Yes it is "alarmist". It puts the picture in mind that bait anglers are killing a huge amount of trout. However that stat, in the overall picture, is meaningless if a trout isn't caught. That raw piece of data, while it may....or may not be true....is just that...."a piece of data" and it must be looked at in the reality of the fact that trout.....I'm not speaking of freshly planted fish....are not that easy to catch.

Look at what we see on these boards about streams being "blown out". It's been my experience that trout angling members of MS consider these conditions to make a stream unfishable. While that may be true for flies and hardware..unless one uses the correct color...it is not so with bait. Yet we see time and again anglers on this site throw in the towel when streams get high and colored up. Simply put, and not to reveal any secrets, trout anglers who believe that don't know what they're talking about.

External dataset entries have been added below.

text \<open>Normalisation moves the image of a top cell to the next target bead only if it is
  constant.\<close>
lemma top_bead_eq_blk_of:
  assumes nonconst: "\<not> bead_restr_const ns ms F i" and W: "wedge_decomp ns ms F As fs" and i: "i < length ns"
  shows "top_bead ns F i = blk_of As i"
proof -
  define j where "j = blk_of As i"
  define p where "p = top_map (As ! j) (fs ! j) (i - blk_off As j)"
  have top: "(top_bead ns F i, top_map ns F i) = nec_norm ms (ns ! i) (j, p)"
    using wedge_decomp_top_image[OF W i ns_pos_nth[OF i]] by (simp add: top_image j_def p_def)
  show ?thesis
  proof (cases "Suc j < length ms \<and> p = constk (ns ! i) (omega_v (ms ! j))")
    case True
    then have "top_map ns F i = constk (ns ! i) (alpha_v (ms ! Suc j))"
      using top by (simp add: nec_norm_Pair)
    then show ?thesis
      using bead_restr_const_if_top_map_constk[OF F i ns_pos_nth[OF i]] nonconst by blast
  qed (use top in \<open>auto simp: nec_norm_Pair j_def split: if_splits\<close>)
qed

lemma wedge_decomp_unique:
  assumes nonconst: "\<forall>i < length ns. \<not> bead_restr_const ns ms F i"
    and W: "wedge_decomp ns ms F As fs" and W': "wedge_decomp ns ms F As' fs'"
  shows "As = As' \<and> (\<forall>j < length ms. nec_agree (As ! j) (fs ! j) (fs' ! j))"
proof -
  have dec: "concat As = ns" "length As = length ms" "concat As' = ns" "length As' = length ms"
    using W W' by (simp_all add: wedge_decomp_def is_decomp_def)
  have "As = As'"
    using top_bead_eq_blk_of[OF _ W] top_bead_eq_blk_of[OF _ W'] nonconst dec
    by (intro blocks_eqI) simp_all
  moreover have "nec_agree (As ! j) (fs ! j) (fs' ! j)" if j: "j < length ms" for j
    unfolding nec_agree_def
  proof (intro allI ballI)
    fix k y assume y: "y \<in> nec_cells (As ! j) k"
    obtain i' phi where y_eq: "y = (i', phi)" by (cases y)
    have i': "i' < length (As ! j)" using y y_eq by (simp add: nec_cells_iff)
    define i where "i = blk_off As j + i'"
    have i: "i < length ns" "blk_of As i = j" "As ! j ! i' = ns ! i"
      using blk_off_add_less_length[OF _ i'] blk_of_blk_off_add[OF _ i'] nth_concat_blk_off[OF _ i'] j dec
      by (simp_all add: i_def)
    have mor: "nec_mor (As ! j) [ms ! j] (fs ! j)" "nec_mor (As ! j) [ms ! j] (fs' ! j)"
      using W W' j \<open>As = As'\<close> by (simp_all add: wedge_decomp_def)
    have pos: "0 < As ! j ! i'" using i ns_pos_nth by simp
    have "top_map (As ! j) (fs ! j) i' = top_map (As ! j) (fs' ! j) i'"
      using wedge_decomp_top_image[OF W i(1) ns_pos_nth[OF i(1)]]
        wedge_decomp_top_image[OF W' i(1) ns_pos_nth[OF i(1)]] i \<open>As = As'\<close>
      by (simp add: i_def nec_norm_eq_same_bead)
    moreover have "top_bead (As ! j) (fs ! j) i' = 0" "top_bead (As ! j) (fs' ! j) i' = 0"
      using top_bead_less[OF mor(1) i' pos] top_bead_less[OF mor(2) i' pos] by simp_all
    ultimately show "(fs ! j) k y = (fs' ! j) k y"
      using nec_mor_apply[OF mor(1) y[unfolded y_eq] pos] nec_mor_apply[OF mor(2) y[unfolded y_eq] pos]
      by (simp add: y_eq)
  qed
  ultimately show ?thesis by blast
qed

Again my point is the fact that most trout anglers really don't know how to catch trout in numbers that would threaten a stream's population and using hooking mortality rates for bait......and I do believe they've been exaggerated.........don't present a real picture. They only apply when a trout is actually caught and most trout anglers don't catch many trout.

Over the years I've fished with some damn fine trout fisherman who use bait. A few of them are on this site. Quite frankly they do catch a lot of fish and very few of them are hooked in a manner that would threaten the fish because of hooking. I've been known to catch a trout or two in my time as well and the same applies to me.


----------



## Butch

Touche' Whit, on many counts.

Sometimes I get too theoretical.

As Shoeman and others on my other thread gently pointed out, pie in the sky will not work in the real world. I just like to catch big brown trout.

Thanks for listening.

Butch


----------



## REG

Butch said:


> But even the fabled Wisc. study found an incidental mortality of 18%, which is about 3x that of artificials. [Butch


Educate me, which fabled Wisc. study?


----------